(Data extract Opens)
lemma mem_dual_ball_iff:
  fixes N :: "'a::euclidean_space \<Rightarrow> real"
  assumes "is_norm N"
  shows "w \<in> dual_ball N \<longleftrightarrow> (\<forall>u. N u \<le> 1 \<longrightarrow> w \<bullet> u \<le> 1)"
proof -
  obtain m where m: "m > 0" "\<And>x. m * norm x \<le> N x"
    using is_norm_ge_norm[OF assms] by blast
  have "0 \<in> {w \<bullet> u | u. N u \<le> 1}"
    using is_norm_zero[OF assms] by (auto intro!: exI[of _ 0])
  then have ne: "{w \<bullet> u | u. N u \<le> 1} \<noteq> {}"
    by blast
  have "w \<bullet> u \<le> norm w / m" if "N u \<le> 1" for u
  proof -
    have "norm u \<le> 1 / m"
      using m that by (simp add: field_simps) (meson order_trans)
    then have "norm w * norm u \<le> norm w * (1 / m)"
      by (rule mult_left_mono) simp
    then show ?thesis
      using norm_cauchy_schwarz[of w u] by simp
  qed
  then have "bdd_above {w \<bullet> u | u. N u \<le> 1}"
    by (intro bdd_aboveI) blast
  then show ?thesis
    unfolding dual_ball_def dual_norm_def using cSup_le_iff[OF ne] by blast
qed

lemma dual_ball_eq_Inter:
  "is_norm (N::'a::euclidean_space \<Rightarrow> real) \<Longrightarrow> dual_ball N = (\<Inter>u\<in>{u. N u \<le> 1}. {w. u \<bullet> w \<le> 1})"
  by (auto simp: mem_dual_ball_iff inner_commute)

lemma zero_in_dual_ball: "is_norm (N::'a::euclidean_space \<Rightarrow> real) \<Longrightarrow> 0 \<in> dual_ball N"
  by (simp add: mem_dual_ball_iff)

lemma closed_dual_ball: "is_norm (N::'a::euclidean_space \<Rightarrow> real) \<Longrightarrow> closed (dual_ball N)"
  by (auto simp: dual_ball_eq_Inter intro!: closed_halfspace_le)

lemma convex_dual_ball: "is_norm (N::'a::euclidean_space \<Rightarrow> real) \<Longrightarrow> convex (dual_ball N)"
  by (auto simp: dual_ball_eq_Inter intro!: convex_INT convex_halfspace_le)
(Data extract Closes)
(Data extract Opens)
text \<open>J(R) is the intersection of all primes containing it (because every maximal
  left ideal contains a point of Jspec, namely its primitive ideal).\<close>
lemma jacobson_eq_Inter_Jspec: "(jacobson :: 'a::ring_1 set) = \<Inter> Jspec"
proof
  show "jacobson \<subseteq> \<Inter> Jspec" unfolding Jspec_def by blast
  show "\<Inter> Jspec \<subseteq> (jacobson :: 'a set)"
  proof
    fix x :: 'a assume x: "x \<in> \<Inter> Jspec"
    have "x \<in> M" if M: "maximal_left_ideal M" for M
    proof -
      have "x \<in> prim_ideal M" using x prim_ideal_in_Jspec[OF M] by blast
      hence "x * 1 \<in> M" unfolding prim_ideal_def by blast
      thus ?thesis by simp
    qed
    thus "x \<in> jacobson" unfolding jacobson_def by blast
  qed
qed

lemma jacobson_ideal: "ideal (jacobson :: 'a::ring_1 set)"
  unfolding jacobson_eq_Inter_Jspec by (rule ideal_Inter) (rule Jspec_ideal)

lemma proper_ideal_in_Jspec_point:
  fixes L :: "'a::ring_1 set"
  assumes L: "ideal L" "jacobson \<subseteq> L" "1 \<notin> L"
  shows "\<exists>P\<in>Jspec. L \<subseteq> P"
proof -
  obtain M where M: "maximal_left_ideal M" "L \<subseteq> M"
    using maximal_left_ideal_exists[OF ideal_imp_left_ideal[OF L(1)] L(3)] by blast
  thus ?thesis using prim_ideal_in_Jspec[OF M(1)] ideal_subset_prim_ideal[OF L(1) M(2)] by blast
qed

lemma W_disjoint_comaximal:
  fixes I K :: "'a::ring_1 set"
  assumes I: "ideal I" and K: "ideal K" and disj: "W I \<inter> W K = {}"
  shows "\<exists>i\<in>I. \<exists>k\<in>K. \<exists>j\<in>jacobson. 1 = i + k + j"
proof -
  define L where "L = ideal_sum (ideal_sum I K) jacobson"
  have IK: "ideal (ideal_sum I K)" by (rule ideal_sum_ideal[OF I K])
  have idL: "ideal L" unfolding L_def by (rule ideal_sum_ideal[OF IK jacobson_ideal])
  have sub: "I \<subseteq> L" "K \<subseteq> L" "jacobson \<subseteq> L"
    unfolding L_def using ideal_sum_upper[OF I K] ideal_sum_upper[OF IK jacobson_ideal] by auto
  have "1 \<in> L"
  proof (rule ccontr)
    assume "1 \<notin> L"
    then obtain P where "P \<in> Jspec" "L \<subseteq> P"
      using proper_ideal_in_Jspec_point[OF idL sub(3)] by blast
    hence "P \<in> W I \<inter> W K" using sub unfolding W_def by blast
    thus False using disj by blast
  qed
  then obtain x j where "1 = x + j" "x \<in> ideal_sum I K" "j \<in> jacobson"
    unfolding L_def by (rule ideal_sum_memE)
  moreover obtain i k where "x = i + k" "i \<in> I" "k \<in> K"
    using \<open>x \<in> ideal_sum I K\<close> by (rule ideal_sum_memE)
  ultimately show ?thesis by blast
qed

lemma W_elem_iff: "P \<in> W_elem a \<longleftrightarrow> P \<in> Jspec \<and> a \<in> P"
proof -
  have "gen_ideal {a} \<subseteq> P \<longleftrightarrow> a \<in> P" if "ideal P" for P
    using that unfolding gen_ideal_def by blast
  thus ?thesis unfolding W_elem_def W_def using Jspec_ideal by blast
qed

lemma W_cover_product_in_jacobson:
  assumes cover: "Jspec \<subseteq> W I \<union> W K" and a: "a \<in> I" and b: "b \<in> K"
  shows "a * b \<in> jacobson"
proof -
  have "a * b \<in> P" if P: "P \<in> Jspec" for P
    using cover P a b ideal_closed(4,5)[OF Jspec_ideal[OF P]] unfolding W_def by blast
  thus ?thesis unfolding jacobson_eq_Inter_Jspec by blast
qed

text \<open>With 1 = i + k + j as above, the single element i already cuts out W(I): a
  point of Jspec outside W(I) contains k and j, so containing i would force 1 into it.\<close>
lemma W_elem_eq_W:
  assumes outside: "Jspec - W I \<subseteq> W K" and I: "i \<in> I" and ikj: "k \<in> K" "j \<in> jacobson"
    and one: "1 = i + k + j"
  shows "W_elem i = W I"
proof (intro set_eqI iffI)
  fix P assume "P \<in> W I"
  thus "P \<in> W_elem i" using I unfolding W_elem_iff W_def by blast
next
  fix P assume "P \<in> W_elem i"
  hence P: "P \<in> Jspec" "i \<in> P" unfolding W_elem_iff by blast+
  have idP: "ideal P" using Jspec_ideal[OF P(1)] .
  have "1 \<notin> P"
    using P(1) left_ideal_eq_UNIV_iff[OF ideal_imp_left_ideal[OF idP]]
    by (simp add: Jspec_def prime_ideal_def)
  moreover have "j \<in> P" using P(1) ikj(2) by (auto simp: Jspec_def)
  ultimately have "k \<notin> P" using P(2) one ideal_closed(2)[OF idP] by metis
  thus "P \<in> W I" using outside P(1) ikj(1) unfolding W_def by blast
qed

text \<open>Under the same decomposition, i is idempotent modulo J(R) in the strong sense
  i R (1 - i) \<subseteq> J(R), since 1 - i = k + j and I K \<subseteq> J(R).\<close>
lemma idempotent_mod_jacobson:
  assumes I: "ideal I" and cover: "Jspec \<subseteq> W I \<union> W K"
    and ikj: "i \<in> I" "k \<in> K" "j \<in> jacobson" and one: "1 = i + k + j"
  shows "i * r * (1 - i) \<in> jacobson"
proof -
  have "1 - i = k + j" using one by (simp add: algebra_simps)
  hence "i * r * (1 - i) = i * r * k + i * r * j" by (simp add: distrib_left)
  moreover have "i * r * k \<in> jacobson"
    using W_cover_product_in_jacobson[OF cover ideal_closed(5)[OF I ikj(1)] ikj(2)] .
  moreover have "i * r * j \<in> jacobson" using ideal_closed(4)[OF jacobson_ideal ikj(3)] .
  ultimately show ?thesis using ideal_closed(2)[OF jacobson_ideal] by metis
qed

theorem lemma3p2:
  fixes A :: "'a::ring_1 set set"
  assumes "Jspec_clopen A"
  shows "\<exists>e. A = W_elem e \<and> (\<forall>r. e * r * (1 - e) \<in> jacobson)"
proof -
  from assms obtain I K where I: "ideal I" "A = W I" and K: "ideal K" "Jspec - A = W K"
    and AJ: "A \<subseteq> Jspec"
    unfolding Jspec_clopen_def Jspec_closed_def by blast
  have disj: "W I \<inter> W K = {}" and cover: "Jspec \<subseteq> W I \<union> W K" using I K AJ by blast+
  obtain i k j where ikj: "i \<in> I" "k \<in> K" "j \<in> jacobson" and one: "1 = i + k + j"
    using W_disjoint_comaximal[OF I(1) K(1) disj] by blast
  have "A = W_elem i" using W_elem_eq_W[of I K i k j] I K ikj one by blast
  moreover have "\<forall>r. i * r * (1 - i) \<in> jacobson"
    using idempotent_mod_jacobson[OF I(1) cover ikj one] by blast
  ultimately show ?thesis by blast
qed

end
(Data extract Closes)
▶ _Task brief_
In the entries above, the lines from the one bearing "by (auto simp: dual_ball_eq_Inter intro!: closed_halfspace_le)" up to and including the one bearing "by (auto simp: dual_ball_eq_Inter intro!: convex_INT" should be transcribed exactly; no other line is wanted.

▶ _Response_
  by (auto simp: dual_ball_eq_Inter intro!: closed_halfspace_le)

lemma convex_dual_ball: "is_norm (N::'a::euclidean_space \<Rightarrow> real) \<Longrightarrow> convex (dual_ball N)"
  by (auto simp: dual_ball_eq_Inter intro!: convex_INT convex_halfspace_le)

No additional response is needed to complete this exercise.